The show's roots go back to 1950, when American saleswoman Brownie Wise hosted the first Tupperware Party, a social gathering where the hostess markets Tupperware, in her living room and provided a space for women to gather post-WWII.

Nearly seven decades later, drag performer John Kristien Andersson, more commonly known as Dixie Longate, seeks to lift people up in the same ways - by using tupperware.

Longate initially started selling tupperware as part of her parole agreement in 2001. After her career took off and she became the top-selling Tupperware lady of the United States, however, a friend suggested that she turn her tupperware parties into a theatrical performance.

So that’s what she did.

"Dixie's Tupperware Party" started as an off-broadway show in New York. Over the course of 16 years, it has been all over the world and secured fame for Longate.

“I never thought I'd be doing anything like I'm doing right now, and it's just so interesting that it all grew out of me doing a couple of tupperware parties,” Longate said. “I just did it because I needed some extra money.”

For Longate, the show is about getting people to be the best version of themselves, something that wasn’t there at the beginning.

In fact, Longate said she didn't expect the show to go far, thinking others would simply get a quick laugh out of it. It wasn’t until later, Longate said, that she realized that audiences were taking her messages to heart.

Longate’s show is also interactive, which means she creates fresh content every performance. She said she views that aspect of the show as “a piece of love,” or a chance to empower at least one audience member.

Longate said lifting people up as been important especially in recent years, with the pandemic not allowing people much room to "let their hair down" and laugh

“I think people keep coming because they just want to be entertained, and they want to have a good time and they want to feel good about themselves,” Longate said.

Sixteen years of doing the show has also spawned ideas for a few other shows, Longate said.

Her two other shows are titled “Cherry Bombs and Bottle Rockets and Never Wear a Tube Top While Riding a Mechanical Bull and 16 Other Things I learned While I was Drinking Last Thursday.” Similar to “Dixie’s Tupperware Party,” both shows seek to lift up and empower people, just through different storytelling.

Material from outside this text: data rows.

lemma laplacian_kernel_dim_le_1:
  assumes E: "simple_graph n E" and conn: "connected_graph n E"
  shows "kernel_dim (laplacian n E) \<le> 1"
proof -
  let ?L = "laplacian n E"
  let ?one = "vec n (\<lambda>_. 1) :: real vec"
  interpret K: kernel n n ?L
    by (unfold_locales, rule laplacian_carrier)
  have "?L *\<^sub>v ?one = 0\<^sub>v n"
  proof (rule eq_vecI)
    fix i assume "i < dim_vec (0\<^sub>v n :: real vec)"
    then show "(?L *\<^sub>v ?one) $ i = 0\<^sub>v n $ i"
      using laplacian_mult_vec[of ?one n i E] by simp
  qed simp
  then have sub: "{?one} \<subseteq> mat_kernel ?L"
    using mat_kernelI[OF laplacian_carrier] by simp
  have span_sub: "K.span {?one} \<subseteq> mat_kernel ?L"
    using K.Ker.span_is_submodule[OF sub] by (simp add: submodule_def)
  have "mat_kernel ?L \<subseteq> K.span {?one}"
  proof
    fix v assume "v \<in> mat_kernel ?L"
    then have v: "v \<in> carrier_vec n" and Lv: "?L *\<^sub>v v = 0\<^sub>v n"
      using mat_kernelD[OF laplacian_carrier] by blast+
    have "v = v $ 0 \<cdot>\<^sub>v ?one"
    proof (rule eq_vecI)
      fix i assume "i < dim_vec (v $ 0 \<cdot>\<^sub>v ?one)"
      then show "v $ i = (v $ 0 \<cdot>\<^sub>v ?one) $ i"
        using laplacian_kernel_const[OF E conn v Lv, of i 0] by simp
    qed (use v in simp)
    also have "\<dots> \<in> K.span {?one}"
      using submodule.smult_closed[OF K.Ker.span_is_submodule[OF sub]] K.Ker.in_own_span[OF sub]
      by simp
    finally show "v \<in> K.span {?one}" .
  qed
  with span_sub K.Ker.gen_ge_dim[of "{?one}"] sub show ?thesis
    by simp
qed

lemma eigenvalue_of_mem_lap_eigenvalues:
  assumes "e \<in> set (lap_eigenvalues n E)"
  shows "eigenvalue (laplacian n E) e"
  using assms char_poly_neq_0[OF laplacian_carrier]
  by (simp add: lap_eigenvalues_def eigenvalue_root_char_poly[OF laplacian_carrier])

lemma length_lap_eigenvalues:
  assumes "simple_graph n E"
  shows "length (lap_eigenvalues n E) = n"
proof -
  obtain es where "char_poly (laplacian n E) = (\<Prod>e\<leftarrow>es. [:- e, 1:])" and "length es = n"
    using symmetric_mat_char_poly_splits[OF laplacian_carrier laplacian_symmetric[OF assms]] .
  then show ?thesis
    by (simp add: lap_eigenvalues_def proots_prod_linear_factors)
qed

lemma count_0_lap_eigenvalues:
  assumes E: "simple_graph n E" and conn: "connected_graph n E"
  shows "count (mset (lap_eigenvalues n E)) 0 \<le> 1"
  using symmetric_mat_order_0_char_poly[OF laplacian_carrier laplacian_symmetric[OF E]]
    laplacian_kernel_dim_le_1[OF E conn] char_poly_neq_0[OF laplacian_carrier]
  by (simp add: lap_eigenvalues_def)

lemma alg_conn_eigenvalue:
  assumes "n \<ge> 2" and "simple_graph n E"
  shows "eigenvalue (laplacian n E) (alg_conn n E)"
  using assms length_lap_eigenvalues[of n E]
  by (auto simp: alg_conn_def intro: eigenvalue_of_mem_lap_eigenvalues)

lemma alg_conn_pos:
  assumes n: "n \<ge> 2" and E: "simple_graph n E" and conn: "connected_graph n E"
  shows "0 < alg_conn n E"
proof -
  obtain a b rest where ev: "lap_eigenvalues n E = a # b # rest"
    using length_lap_eigenvalues[OF E] n
    by (metis One_nat_def Suc_1 Suc_le_length_iff)
  have "a \<le> b"
    using sorted_sorted_list_of_multiset ev unfolding lap_eigenvalues_def by (metis sorted2)
  moreover have "0 \<le> a"
    using ev eigenvalue_of_mem_lap_eigenvalues laplacian_eigenvalue_nonneg[OF E]
    by (metis list.set_intros(1))
  moreover have "\<not> (a = 0 \<and> b = 0)"
    using count_0_lap_eigenvalues[OF E conn] ev by auto
  ultimately show ?thesis
    using ev by (auto simp: alg_conn_def)
qed

lemma laplacian_eigenvector_eq:
  assumes ev: "eigenvector (laplacian n E) x \<mu>" and i: "i < n"
  shows "\<mu> * x $ i = (\<Sum>k | k < n \<and> E i k. x $ i - x $ k)"
proof -
  have x: "x \<in> carrier_vec n" and "laplacian n E *\<^sub>v x = \<mu> \<cdot>\<^sub>v x"
    using ev unfolding eigenvector_def by auto
  then show ?thesis
    using laplacian_mult_vec[OF x i, of E] i by simp
qed

lemma laplacian_eigenvector_min_lt_max:
  assumes ev: "eigenvector (laplacian n E) x \<mu>" and "\<mu> \<noteq> 0"
    and a: "a < n" and max: "\<forall>i<n. x $ i \<le> x $ a"
    and b: "b < n" and min: "\<forall>i<n. x $ b \<le> x $ i"
  shows "x $ b < x $ a"
proof (rule ccontr)
  assume "\<not> x $ b < x $ a"
  then have const: "x $ i = x $ a" if "i < n" for i
    using max min that by (meson order.antisym order.trans not_less)
  obtain i where i: "i < n" and "x $ i \<noteq> 0"
    using ev unfolding eigenvector_def by (auto simp: vec_eq_iff)
  moreover have "\<mu> * x $ i = 0"
    using laplacian_eigenvector_eq[OF ev i] const i by simp
  ultimately show False
    using \<open>\<mu> \<noteq> 0\<close> by simp
qed

lemma laplacian_eigenvector_max_bound:
  assumes ev: "eigenvector (laplacian n E) x \<mu>" and a: "a < n"
    and max: "\<forall>i<n. x $ i \<le> x $ a" and c: "c < n" "E a c"
  shows "x $ a - x $ c \<le> \<mu> * x $ a"
  unfolding laplacian_eigenvector_eq[OF ev a]
  using max c by (intro member_le_sum) auto

lemma laplacian_eigenvector_min_bound:
  assumes ev: "eigenvector (laplacian n E) x \<mu>" and b: "b < n"
    and min: "\<forall>i<n. x $ b \<le> x $ i" and c: "c < n" "E b c"
  shows "x $ c - x $ b \<le> - \<mu> * x $ b"
proof -
  have "x $ c - x $ b \<le> (\<Sum>k | k < n \<and> E b k. x $ k - x $ b)"
    using min c by (intro member_le_sum) auto
  also have "\<dots> = - \<mu> * x $ b"
    by (simp add: laplacian_eigenvector_eq[OF ev b] flip: sum_negf)
  finally show ?thesis .
qed

lemma dist_le_2_cases:
  assumes "dist_le E a b 2"
  shows "a = b \<or> E a b \<or> (\<exists>c. E a c \<and> E c b)"
proof -
  obtain m where "m \<le> 2" and "(E ^^ m) a b"
    using assms unfolding dist_le_def by auto
  then consider "(E ^^ 0) a b" | "(E ^^ 1) a b" | "(E ^^ 2) a b"
    by (metis le_SucE One_nat_def Suc_1 le_zero_eq)
  then show ?thesis
    by cases (auto simp: numeral_2_eq_2)
qed

lemma laplacian_eigenvalue_ge_1:
  assumes E: "simple_graph n E" and ev: "eigenvector (laplacian n E) x \<mu>" and "\<mu> \<noteq> 0"
    and a: "a < n" and max: "\<forall>i<n. x $ i \<le> x $ a"
    and b: "b < n" and min: "\<forall>i<n. x $ b \<le> x $ i"
    and dist: "dist_le E a b 2"
  shows "1 \<le> \<mu>"
proof -
  have "x $ b < x $ a"
    using laplacian_eigenvector_min_lt_max[OF ev \<open>\<mu> \<noteq> 0\<close> a max b min] .
  have E_sym: "E j i" if "E i j" for i j
    using that E unfolding simple_graph_def by blast
  have E_dom: "i < n" "j < n" if "E i j" for i j
    using that E unfolding simple_graph_def by blast+
  consider "a = b" | "E a b" | c where "E a c" "E c b"
    using dist_le_2_cases[OF dist] by blast
  then have "x $ a - x $ b \<le> \<mu> * (x $ a - x $ b)"
  proof cases
    case 1
    then show ?thesis
      using \<open>x $ b < x $ a\<close> by simp
  next
    case 2
    have "x $ a - x $ b \<le> \<mu> * x $ a" "x $ a - x $ b \<le> - \<mu> * x $ b"
      using laplacian_eigenvector_max_bound[OF ev a max b 2]
        laplacian_eigenvector_min_bound[OF ev b min a E_sym[OF 2]] by simp_all
    then show ?thesis
      using \<open>x $ b < x $ a\<close> by (simp add: right_diff_distrib)
  next
    case (3 c)
    have "x $ a - x $ c \<le> \<mu> * x $ a" "x $ c - x $ b \<le> - \<mu> * x $ b"
      using laplacian_eigenvector_max_bound[OF ev a max E_dom(2)[OF 3(1)] 3(1)]
        laplacian_eigenvector_min_bound[OF ev b min E_dom(1)[OF 3(2)] E_sym[OF 3(2)]] by simp_all
    then show ?thesis
      by (simp add: right_diff_distrib)
  qed
  with \<open>x $ b < x $ a\<close> show ?thesis
    by simp
qed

But Longate’s storytelling fame hasn’t gotten in the way of her passion for tupperware itself, which she still sells on her website and through catalogs given to audience members at every show.

“It's the best crap on the planet, I love it,” Longate said said. “It's become such a universal piece of people's lives without them even recognizing it.”

Tickets cost $19 for students and start at $30 for the general public and can be purchased by visiting whartoncenter.com.